> Prompt
Your task is to copy the lines of the data below from the line holding "using split by blast" through the line holding "using abcd(5) abcd'(5)", inclusive, exactly and with nothing added.

> Given data
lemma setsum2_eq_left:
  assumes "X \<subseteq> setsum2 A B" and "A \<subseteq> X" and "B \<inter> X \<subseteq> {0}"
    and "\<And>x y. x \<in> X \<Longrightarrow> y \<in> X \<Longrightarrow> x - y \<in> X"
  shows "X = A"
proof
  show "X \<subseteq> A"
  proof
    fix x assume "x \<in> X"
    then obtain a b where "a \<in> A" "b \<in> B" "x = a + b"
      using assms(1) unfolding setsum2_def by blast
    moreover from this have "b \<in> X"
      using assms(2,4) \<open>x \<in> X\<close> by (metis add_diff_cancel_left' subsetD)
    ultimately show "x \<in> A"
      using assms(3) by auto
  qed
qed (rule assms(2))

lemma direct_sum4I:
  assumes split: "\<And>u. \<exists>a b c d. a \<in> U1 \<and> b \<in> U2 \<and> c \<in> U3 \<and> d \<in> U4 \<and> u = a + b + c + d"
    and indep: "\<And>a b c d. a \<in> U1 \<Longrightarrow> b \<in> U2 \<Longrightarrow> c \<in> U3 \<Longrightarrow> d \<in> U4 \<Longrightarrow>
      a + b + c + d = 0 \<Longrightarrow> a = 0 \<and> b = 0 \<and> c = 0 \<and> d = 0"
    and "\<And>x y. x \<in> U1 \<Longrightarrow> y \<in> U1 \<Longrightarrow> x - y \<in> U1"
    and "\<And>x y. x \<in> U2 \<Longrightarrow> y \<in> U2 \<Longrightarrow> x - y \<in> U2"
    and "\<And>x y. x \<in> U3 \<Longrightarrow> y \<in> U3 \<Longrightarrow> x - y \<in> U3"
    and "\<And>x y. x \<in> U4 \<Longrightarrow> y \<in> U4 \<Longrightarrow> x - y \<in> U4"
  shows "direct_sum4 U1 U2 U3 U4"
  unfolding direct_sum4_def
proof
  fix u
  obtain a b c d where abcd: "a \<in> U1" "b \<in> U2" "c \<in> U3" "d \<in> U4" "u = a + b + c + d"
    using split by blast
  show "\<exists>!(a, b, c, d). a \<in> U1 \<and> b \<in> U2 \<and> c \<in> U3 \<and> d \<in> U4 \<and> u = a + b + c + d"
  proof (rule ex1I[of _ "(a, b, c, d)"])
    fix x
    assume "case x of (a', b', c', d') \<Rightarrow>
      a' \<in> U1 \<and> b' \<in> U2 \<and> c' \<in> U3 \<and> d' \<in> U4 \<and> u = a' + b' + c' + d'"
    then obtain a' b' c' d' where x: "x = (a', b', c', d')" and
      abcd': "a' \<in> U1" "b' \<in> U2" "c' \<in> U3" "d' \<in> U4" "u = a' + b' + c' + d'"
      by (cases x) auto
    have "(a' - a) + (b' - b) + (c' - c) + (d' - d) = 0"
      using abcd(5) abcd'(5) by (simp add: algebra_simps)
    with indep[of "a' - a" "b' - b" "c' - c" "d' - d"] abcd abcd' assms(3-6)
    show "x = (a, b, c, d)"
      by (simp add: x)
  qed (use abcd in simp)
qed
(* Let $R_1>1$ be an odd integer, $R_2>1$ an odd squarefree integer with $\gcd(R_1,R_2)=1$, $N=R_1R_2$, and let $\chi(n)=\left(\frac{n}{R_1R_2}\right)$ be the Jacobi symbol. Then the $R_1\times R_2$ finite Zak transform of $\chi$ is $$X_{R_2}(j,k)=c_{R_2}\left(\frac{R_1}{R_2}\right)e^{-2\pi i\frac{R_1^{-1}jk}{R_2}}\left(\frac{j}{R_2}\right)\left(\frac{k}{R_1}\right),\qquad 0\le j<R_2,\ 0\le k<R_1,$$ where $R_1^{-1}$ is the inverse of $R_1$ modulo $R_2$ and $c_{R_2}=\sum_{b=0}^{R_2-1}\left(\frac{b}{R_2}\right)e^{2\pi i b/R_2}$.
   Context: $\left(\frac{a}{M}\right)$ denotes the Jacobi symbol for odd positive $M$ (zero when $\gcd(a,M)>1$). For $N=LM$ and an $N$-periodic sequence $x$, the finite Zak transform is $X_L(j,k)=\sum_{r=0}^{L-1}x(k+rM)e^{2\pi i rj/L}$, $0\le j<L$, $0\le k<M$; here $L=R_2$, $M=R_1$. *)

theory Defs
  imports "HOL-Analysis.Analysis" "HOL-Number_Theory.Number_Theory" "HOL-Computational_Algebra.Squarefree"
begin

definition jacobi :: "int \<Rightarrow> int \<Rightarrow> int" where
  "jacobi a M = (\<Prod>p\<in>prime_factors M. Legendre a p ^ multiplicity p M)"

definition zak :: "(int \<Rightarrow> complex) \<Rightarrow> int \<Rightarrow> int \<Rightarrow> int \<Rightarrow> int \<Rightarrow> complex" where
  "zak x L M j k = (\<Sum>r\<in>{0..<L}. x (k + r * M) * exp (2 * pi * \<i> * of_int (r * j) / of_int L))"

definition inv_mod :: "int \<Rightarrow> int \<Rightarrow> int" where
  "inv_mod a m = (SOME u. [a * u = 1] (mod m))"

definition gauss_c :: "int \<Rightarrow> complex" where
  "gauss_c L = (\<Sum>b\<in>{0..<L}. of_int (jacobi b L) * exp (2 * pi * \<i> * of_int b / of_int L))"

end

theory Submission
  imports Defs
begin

> Answer box
    using split by blast
  show "\<exists>!(a, b, c, d). a \<in> U1 \<and> b \<in> U2 \<and> c \<in> U3 \<and> d \<in> U4 \<and> u = a + b + c + d"
  proof (rule ex1I[of _ "(a, b, c, d)"])
    fix x
    assume "case x of (a', b', c', d') \<Rightarrow>
      a' \<in> U1 \<and> b' \<in> U2 \<and> c' \<in> U3 \<and> d' \<in> U4 \<and> u = a' + b' + c' + d'"
    then obtain a' b' c' d' where x: "x = (a', b', c', d')" and
      abcd': "a' \<in> U1" "b' \<in> U2" "c' \<in> U3" "d' \<in> U4" "u = a' + b' + c' + d'"
      by (cases x) auto
    have "(a' - a) + (b' - b) + (c' - c) + (d' - d) = 0"
      using abcd(5) abcd'(5) by (simp add: algebra_simps)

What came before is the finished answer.